Tais obstáculos podem ser criados pelo próprio professor ao escolher uma determinada estratégia de ensino que não favorece plenamente a construção do conhecimento científico. Ao estudar a noção do obstáculo, é possível identificar a origem de fatores que levam a aprendizagem a uma situação de inércia e de obstrução, impedindo o professor de entender o uso de determinada estratégia e que leva o aluno a não compreender determinado assunto.

Nesse sentido, a formação específica dos professores exige uma abordagem mais ampla e consistente, pois dominar o conteúdo específico é importante, mas não é suficiente para ser um bom professor, sendo necessário conhecer como o aluno aprende e como agir para favorecer a aprendizagem. A ausência dessa atitude constitui um obstáculo didático, fato que ocorre quando a atuação do professor se pauta numa perspectiva tradicional.

A ausência ou carência de formação pedagógica pode levar os professores (licenciandos ou bacharéis) ao desenvolvimento de uma prática que reflete os tempos de estudante, procurando imitar a prática dos mestres que lhes serviram de modelo, reforçando a cultura de uma prática milenar, a do ensino dogmático.

O obstáculo é visto como um conhecimento, uma concepção que resiste tentando se adaptar localmente, modificando-se, otimizando-se num campo reduzido, seguindo-se um processo de acomodação. Assim a adaptação ocorre para um caso específico, em condições especiais ou até únicas (BROUSSEAU, 1976, p.106).

Ao surgir em novas situações, aparece com elas a necessidade de uma ruptura e de novas adaptações, esse conhecimento passa a ser então um obstáculo, pois o sujeito resiste, defendendo o conhecimento que já

foi consolidado. A aplicação desse conhecimento em outro domínio passa a produzir erros. O obstáculo pode ser manifestado em situações nas quais não é possível o enfrentamento de um problema, pois uma solução adequada não é conhecida.

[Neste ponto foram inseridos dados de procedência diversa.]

text \<open>A relation \<open>\<Sum> c\<^sub>i b\<^sub>i = 0\<close> with \<open>G\<close>-invariant \<open>c\<^sub>i\<close> lifts to a reduced polynomial
  vanishing identically; its monomials of degree \<open>i\<close> in \<open>Y\<^sub>3\<close> carry the coefficients of \<open>c\<^sub>i\<close>.\<close>

lemma basis_independent:
  fixes c :: "nat \<Rightarrow> 'k::field^3^3 \<Rightarrow> 'k"
  assumes ac: "alg_closed_field TYPE('k)" and j: "j = 5 \<or> j = 6"
    and c: "\<forall>i\<in>{0..a}. c i \<in> inv_G"
    and rel: "(\<lambda>x. \<Sum>i\<in>{0..a}. c i x * monom_eval gen (basis_monom j p a i) x) = (\<lambda>x. 0)"
  shows "\<forall>i\<in>{0..a}. c i = (\<lambda>x. 0)"
proof -
  have "\<forall>i\<in>{0..a}. \<exists>C. mpoly_vars_in {0..<7} C \<and> c i = mpoly_eval C gen \<and>
    (\<forall>m\<in>Poly_Mapping.keys C. Poly_Mapping.lookup m 3 = 0 \<and> Poly_Mapping.lookup m 5 = 0 \<and> Poly_Mapping.lookup m 6 = 0)"
    using c inv_G_representative[OF ac] by simp
  then obtain C where C_all: "\<forall>i\<in>{0..a}. mpoly_vars_in {0..<7} (C i) \<and> c i = mpoly_eval (C i) gen \<and>
    (\<forall>m\<in>Poly_Mapping.keys (C i). Poly_Mapping.lookup m 3 = 0 \<and> Poly_Mapping.lookup m 5 = 0 \<and> Poly_Mapping.lookup m 6 = 0)"
    by (rule bchoice[elim_format]) blast
  have C: "mpoly_vars_in {0..<7} (C i) \<and> c i = mpoly_eval (C i) gen" if "i \<in> {0..a}" for i
    using C_all that by simp
  have C_lookup: "Poly_Mapping.lookup m 3 = 0 \<and> Poly_Mapping.lookup m 5 = 0 \<and> Poly_Mapping.lookup m 6 = 0"
    if "i \<in> {0..a}" "m \<in> Poly_Mapping.keys (C i)" for i m
    using C_all that by simp
  define E where "E = (\<Sum>i\<in>{0..a}. C i * Poly_Mapping.single (basis_monom j p a i) 1)"
  have "E = 0"
  proof (rule reduced_eq_0_if_eval_eq_0[OF ac])
    show "mpoly_vars_in {0..<7} E"
      unfolding E_def using C keys_basis_monom[OF j]
      by (intro mpoly_vars_in_sum mpoly_vars_in_mult mpoly_vars_in_single) auto
    show "reduced E"
      unfolding E_def using C_lookup by (intro reduced_sum reduced_mult_basis_monom[OF j]) auto
    show "\<forall>x. mpoly_eval E gen x = 0"
      using rel C unfolding E_def
      by (simp add: fun_eq_iff mpoly_eval_sum mpoly_eval_mult mpoly_eval_single)
  qed
  have "Poly_Mapping.lookup (C i) m = 0" if i: "i \<in> {0..a}" and m: "m \<in> Poly_Mapping.keys (C i)" for i m
  proof -
    have "i' = i" if "i' \<in> {0..a}" "m' \<in> Poly_Mapping.keys (C i')"
      and eq: "m' + basis_monom j p a i' = m + basis_monom j p a i" for i' m'
    proof -
      have "Poly_Mapping.lookup (m' + basis_monom j p a i') 3 = Poly_Mapping.lookup (m + basis_monom j p a i) 3"
        by (simp only: eq)
      then show "i' = i"
        using C_lookup[OF that(1,2)] C_lookup[OF i m] by (simp add: lookup_add lookup_basis_monom[OF j])
    qed
    then have "Poly_Mapping.lookup E (m + basis_monom j p a i) = Poly_Mapping.lookup (C i) m"
      unfolding E_def using i by (intro lookup_sum_mult_single) auto
    then show ?thesis using \<open>E = 0\<close> by simp
  qed
  then have "C i = 0" if "i \<in> {0..a}" for i
    using that by (intro poly_mapping_eqI) (metis in_keys_iff lookup_zero)
  then show ?thesis using C by simp
qed

lemma weight_space_basis:
  assumes ac: "alg_closed_field TYPE('k::field)"
    and jc: "(j = 5 \<and> P = a + 2 * p \<and> Q = a + p) \<or> (j = 6 \<and> P = a + p \<and> Q = a + 2 * p)"
  shows "is_module_basis inv_G (inv_U_wt (int P) (int Q - int P) (- int Q))
           (\<lambda>i (x::'k^3^3). gen j x ^ p * xi 3 1 x ^ i * minor 1 3 x ^ (a - i)) {0..a}"
proof -
  have j: "j = 5 \<or> j = 6" using jc by auto
  have "(\<lambda>i (x::'k^3^3). gen j x ^ p * xi 3 1 x ^ i * minor 1 3 x ^ (a - i)) = (\<lambda>i. monom_eval gen (basis_monom j p a i))"
    by (simp add: fun_eq_iff monom_eval_basis_monom[OF j])
  show ?thesis
    unfolding is_module_basis_def \<open>(\<lambda>i x. _) = _\<close>
  proof (intro conjI ballI allI impI)
    fix i assume "i \<in> {0..a}"
    then show "monom_eval gen (basis_monom j p a i) \<in> inv_U_wt (int P) (int Q - int P) (- int Q)"
      by (intro basis_in_weight_space[OF jc]) simp
  next
    fix f :: "'k^3^3 \<Rightarrow> 'k" assume "f \<in> inv_U_wt (int P) (int Q - int P) (- int Q)"
    then show "\<exists>c. (\<forall>i\<in>{0..a}. c i \<in> inv_G) \<and> f = (\<lambda>x. \<Sum>i\<in>{0..a}. c i x * monom_eval gen (basis_monom j p a i) x)"
      by (rule weight_space_spanned[OF ac jc])
  next
    fix c :: "nat \<Rightarrow> 'k^3^3 \<Rightarrow> 'k" and i
    assume "(\<forall>i\<in>{0..a}. c i \<in> inv_G) \<and> (\<lambda>x. \<Sum>i\<in>{0..a}. c i x * monom_eval gen (basis_monom j p a i) x) = (\<lambda>x. 0)"
      and i: "i \<in> {0..a}"
    then have "\<forall>i\<in>{0..a}. c i = (\<lambda>x. 0)"
      by (elim conjE) (rule basis_independent[OF ac j])
    with i show "c i = (\<lambda>x. 0)" by blast
  qed
qed

lemma weight_space_basis_l1_l2:
  assumes ac: "alg_closed_field TYPE('k::field)" and l: "l1 mod 3 = l2 mod 3"
  shows "is_module_basis inv_G
     (inv_U_wt ((2 * int l1 + int l2) div 3) ((int l2 - int l1) div 3) (- ((int l1 + 2 * int l2) div 3)))
     (\<lambda>i x::'k^3^3. (if l2 \<le> l1 then (\<lambda>x. d1 x ^ ((l1 - l2) div 3)) else (\<lambda>x. d2 x ^ ((l2 - l1) div 3))) x
        * xi 3 1 x ^ i * minor 1 3 x ^ (min l1 l2 - i)) {0..min l1 l2}"
proof (cases "l2 \<le> l1")
  case True
  define p where "p = (l1 - l2) div 3"
  have "l1 = l2 + 3 * p" using l True unfolding p_def by (auto simp: mod_eq_dvd_iff_nat)
  then have "(2 * int l1 + int l2) div 3 = int (l2 + 2 * p)"
    "(int l2 - int l1) div 3 = int (l2 + p) - int (l2 + 2 * p)"
    "- ((int l1 + 2 * int l2) div 3) = - int (l2 + p)"
    by simp_all
  with weight_space_basis[OF ac, of 5 "l2 + 2 * p" l2 p "l2 + p"] True show ?thesis
    unfolding p_def by simp
next
  case False
  define q where "q = (l2 - l1) div 3"
  have "l1 \<le> l2" using False by simp
  then have "3 dvd (l2 - l1)" using l by (metis mod_eq_dvd_iff_nat)
  then have "l2 = l1 + 3 * q" using False unfolding q_def by auto
  then have "(2 * int l1 + int l2) div 3 = int (l1 + q)"
    "(int l2 - int l1) div 3 = int (l1 + 2 * q) - int (l1 + q)"
    "- ((int l1 + 2 * int l2) div 3) = - int (l1 + 2 * q)"
    by simp_all
  with weight_space_basis[OF ac, of 6 "l1 + q" l1 q "l1 + 2 * q"] False show ?thesis
    unfolding q_def by simp
qed

theorem proposition3p2:
  fixes dummy :: "'k::field"
  assumes alg_closed: "\<And>p :: 'k poly. degree p \<noteq> 0 \<Longrightarrow> \<exists>z. poly p z = 0"
  shows
    "(\<forall>l1 l2 :: nat. l1 mod 3 = l2 mod 3 \<longrightarrow>
       (let a = min l1 l2;
            d = (if l2 \<le> l1 then (\<lambda>x::'k^3^3. d1 x ^ ((l1 - l2) div 3))
                 else (\<lambda>x. d2 x ^ ((l2 - l1) div 3)))
        in is_module_basis inv_G
             (inv_U_wt ((2 * int l1 + int l2) div 3) ((int l2 - int l1) div 3)
                       (- ((int l1 + 2 * int l2) div 3)))
             (\<lambda>i x. d x * xi 3 1 x ^ i * minor 1 3 x ^ (a - i)) {0..a}))
     \<and>
     (let gens = (\<lambda>i::nat. [s1, s2, s3, xi 3 1, minor 1 3, d1, d2] ! i)
                   :: nat \<Rightarrow> 'k^3^3 \<Rightarrow> 'k;
          Y = (mvar :: nat \<Rightarrow> 'k mpoly);
          R = Y 5 * Y 6 - Y 4 ^ 3 - Y 3 * Y 4 ^ 2 * Y 0 - Y 3 ^ 2 * Y 4 * Y 1 - Y 3 ^ 3 * Y 2
      in inv_U = subalg_gen (gens ` {0..<7})
       \<and> {P. mpoly_vars_in {0..<7} P \<and> mpoly_eval P gens = (\<lambda>x. 0)}
         = {Q * R | Q. mpoly_vars_in {0..<7} Q})"
proof -
  have ac: "alg_closed_field TYPE('k)"
    unfolding alg_closed_field_def using alg_closed by blast
  show ?thesis
    unfolding Let_def gen_def[symmetric] relation_R_def[symmetric]
    using weight_space_basis_l1_l2[OF ac] inv_U_eq_gen_alg[OF ac] kernel_mpoly_eval_gen[OF ac]
    by blast
qed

As rupturas sofridas pelo conhecimento científico ocorrem a partir de dois contextos, quando o conhecimento científico é separado do senso comum, mesmo contraditórios, ou entre duas elaborações científicas. Essas rupturas favorecem a reordenação de teorias que podem ir além de seus pressupostos, introduzindo uma nova racionalidade (BROUSSEAU, 2008).

Segundo Brousseau (2001), os obstáculos podem ser enfrentados de formas, inclusive, antagônicas, ignorando-os ou rejeitando-os; aceitando-os sem reconhecer ou analisando-os em uma parceria com os alunos e reconhecendo-os de forma a superá-los. Nesse aspecto, observa-se a ideia de que o obstáculo não pode ser tratado apenas sob o viés epistemológico ou tão pouco do pedagógico. A aprendizagem apresenta frequentes rupturas, que podem ter origens e formas variadas, saltos informacionais, mudanças na forma de controle, origem ontogenética, a escolha didática ou mesmo uma contingência epistemológica ou cultural.